Why 'Agents of SHIELD' Chose Robbie Reyes Over Johnny Blaze as Ghost Rider

"Truthfully, Nicolas Cage turned us down," executive producer Jed Whedon jokes.
Courtesy of Marvel; Getty Images

When Agents of SHIELD decided to tackle fan-favorite Marvel character Ghost Rider in season four of the ABC drama, the show's producers had a choice: go with Johnny Blaze, the most well-known iteration of Ghost Rider, or a lesser-known version.

Marvel TV head Jeph Loeb and executive producers Jed Whedon and Maurissa Tancharoen decided to go with option B and cast True Detective alum Gabriel Luna as the newest version of Ghost Rider, Robbie Reyes. Casual fanboys know all about the original Ghost Rider, Johnny Blaze, thanks to the two live-action Ghost Rider movies starring Nicolas Cage, and most of the comic books are about the stunt motorcyclist who sold his soul to who he thought was the devil. So why is Robbie Reyes coming to SHIELD in the fall?

"Truthfully, Nicolas Cage turned us down," Whedon jokes to The Hollywood Reporter. We moved on as fast as we could," Whedon told THR with a laugh before confessing Robbie's backstory was too attractive to pass up.

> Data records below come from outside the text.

(* Let $G=(V,E)$ be a graph with $n=|V|$, $m=|E|$, and a proper vertex coloring $c:V\to[q]$, and let $G'$ be the threshold graph constructed from $(G,q)$ as described in the context. Then $G$ contains a clique of size $q$ if and only if there exists $Y\subseteq V(G')$ with $|Y|\le \ell$ and $|D_{G',Y}|\le k$, where $k=(n-q)(2nq-2n+1)+\left(m-\binom{q}{2}\right)(4n+1)$ and $\ell=q+\binom{q}{2}$.
   Context: Diffusion: for a threshold graph $H=(V,E,t)$ with $t:V\to\mathbb{N}$ and $Y\subseteq V$, $D_{H,Y}[1]=\{u\in V\setminus Y: t(u)=0\}$, $D_{H,Y}[\tau]=D_{H,Y}[\tau-1]\cup\{u\in V\setminus Y: |\Gamma_H(u)\cap D_{H,Y}[\tau-1]|\ge t(u)\}$, and $D_{H,Y}$ is the final stable set. Construction of $G'$: let $V_c$ be the nodes of color $c$ and, for distinct $c,d$, $E_{cd}$ the edges between $V_c$ and $V_d$. A parallel-paths gadget of size $h$ between nodes $x,y$ consists of $h$ new "connection" nodes, each adjacent exactly to $x$ and $y$. For each $c\in[q]$ add a node $x_v$ for each $v\in V_c$ (node-selection nodes) and a guard node $g_c$ adjacent to all these $x_v$. For each unordered pair $\{c,d\}$ of distinct colors add a node $x_{u,v}$ for each edge $(u,v)\in E_{cd}$ (edge-selection nodes) and a guard node $g_{cd}$ adjacent to all of them. Assign to each $v\in V$ a distinct $low(v)\in[n]$ and set $high(v)=2n-low(v)$. For each unordered pair $\{c,d\}$ and each of its two colors, say $c$, add two validation nodes $\alpha,\beta$: $\alpha$ is joined to each $x_v$ ($v\in V_c$) by a parallel-paths gadget of size $high(v)$ and to each $x_{u,v}$ with $(u,v)\in E_{cd}$, $v\in V_c$, by a parallel-paths gadget of size $low(v)$; $\beta$ is joined to each such $x_v$ by size $low(v)$ and to each such $x_{u,v}$ by size $high(v)$ (symmetrically for color $d$). Finally add a set $B$ of $(n-q)(2nq-2n+1)+\left(m-\binom q2\right)(4n+1)$ independent nodes, each adjacent to every guard node. Thresholds: $0$ for selection nodes; $1$ for connection nodes and nodes of $B$; $d_{G'}(x)-2n+1$ for each validation node $x$; $|V_c|$ for $g_c$; $|E_{cd}|$ for $g_{cd}$. *)

theory Defs
  imports Main
begin
lemma equilibrium_quadratic_eq_0_iff:
  assumes "\<delta> > 0"
  shows "equilibrium_quadratic \<delta> p x = 0 \<longleftrightarrow>
    4 * (1 - p) \<le> \<delta> \<and> (x = upper_root \<delta> p \<or> x = lower_root \<delta> p)"
proof -
  have q: "equilibrium_quadratic \<delta> p x = 1 * x\<^sup>2 + (- \<delta>) * x + \<delta> * (1 - p)"
    by (simp add: equilibrium_quadratic_def)
  have D: "4 * (1 - p) \<le> \<delta> \<longleftrightarrow> 0 \<le> 1 - 4 * (1 - p) / \<delta>"
    using assms by (simp add: divide_le_eq)
  show ?thesis
  proof (cases "4 * (1 - p) \<le> \<delta>")
    case False
    then have "discrim 1 (- \<delta>) (\<delta> * (1 - p)) < 0"
      using assms D by (simp add: discrim_equilibrium_quadratic mult_pos_neg)
    then show ?thesis
      using discriminant_negative[of 1 "- \<delta>" "\<delta> * (1 - p)" x] False q by simp
  next
    case True
    then have "0 \<le> discrim 1 (- \<delta>) (\<delta> * (1 - p))"
      using assms D by (simp add: discrim_equilibrium_quadratic)
    then have "equilibrium_quadratic \<delta> p x = 0 \<longleftrightarrow>
        x = (\<delta> + sqrt (discrim 1 (- \<delta>) (\<delta> * (1 - p)))) / 2 \<or>
        x = (\<delta> - sqrt (discrim 1 (- \<delta>) (\<delta> * (1 - p)))) / 2"
      using discriminant_nonneg[of 1 "- \<delta>" "\<delta> * (1 - p)" x] unfolding q by simp
    moreover have "sqrt (discrim 1 (- \<delta>) (\<delta> * (1 - p))) = \<delta> * sqrt (1 - 4 * (1 - p) / \<delta>)"
      using assms by (simp add: discrim_equilibrium_quadratic real_sqrt_mult)
    ultimately show ?thesis
      using True by (simp add: upper_root_def lower_root_def algebra_simps)
  qed
qed

lemma upper_root_gt_1_iff:
  assumes "\<delta> > 0" "4 * (1 - p) \<le> \<delta>"
  shows "1 < upper_root \<delta> p \<longleftrightarrow> 1 < \<delta> * p \<or> 2 < \<delta>"
proof -
  define t where "t = \<delta> * sqrt (1 - 4 * (1 - p) / \<delta>)"
  have "0 \<le> t" using assms by (simp add: t_def divide_le_eq)
  have t2: "t\<^sup>2 = (2 - \<delta>)\<^sup>2 + 4 * (\<delta> * p - 1)"
    using assms by (simp add: t_def power_mult_distrib divide_le_eq field_simps power2_eq_square)
  have "1 < upper_root \<delta> p \<longleftrightarrow> 2 - \<delta> < t"
    by (simp add: upper_root_def t_def algebra_simps)
  also have "\<dots> \<longleftrightarrow> 1 < \<delta> * p \<or> 2 < \<delta>"
  proof (cases "2 < \<delta>")
    case False
    then have "2 - \<delta> < t \<longleftrightarrow> (2 - \<delta>)\<^sup>2 < t\<^sup>2"
      using \<open>0 \<le> t\<close> by (smt (verit) power2_less_imp_less power_strict_mono zero_less_numeral)
    then show ?thesis using False t2 by auto
  qed (use \<open>0 \<le> t\<close> in auto)
  finally show ?thesis .
qed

"At the end of the day, SHIELD is really a show about family," Loeb tells THR. "I know that it looks like a show about a bunch of spies that are running around on a big, giant plane that are saving the world every week, but it really is about a group of people who come together because they have no one else in their lives. When you watch the show from that point of view, you really understand that Coulson (Clark Gregg) is a father figure, and these people around him are people he needs to look after and make sure they're OK."

Since Robbie was introduced into the Marvel canon in 2014, his story has focused on his family history as he lives with and takes care of his developmentally disabled brother Gabe and will do anything to keep both of them away from the gangs that run East Los Angeles.

"Robbie's story, in its inception, is the story of an older brother who's looking after his younger brother, and then how the world of the Ghost Rider changes that dynamic," Loeb says. "That's true of any Marvel hero. We begin in a place where it's something we can all relate to, and then something extraordinary happens to them, not that they've ever asked for it. What we'll find out along the way is Robbie's journey now that he has the burden of being the Ghost Rider, what that does and more importantly how that affects our cast at SHIELD."

To hear Tancharoen tell it, the fact that there is so little source material on Robbie compared with Johnny was also a big factor in their choice.

"People are familiar with Johnny Blaze. Robbie Reyes is a new iteration of the character," Tancharoen tells THR. "There's not a lot of material on the character so it gives us a lot of room to have our take on it. And also, just the fact that he is a young kid who grew up on the streets of East L.A., we liked that backstory. We like seeing a character like that in the mix of our team."

"Most people, when they think of Ghost Rider, just think of the flaming skull, so we can really pick and choose what we do," Whedon adds. 

And because Robbie's story includes the opportunity to add more diversity and inclusivity to their show, Whedon and Tancharoen promise that they will dive into Robbie's family history and his dynamic with his brother "fairly early on."

Agents of SHIELD returns for season four on Tuesday, Sept. 20, at its new time, 10 p.m., on ABC.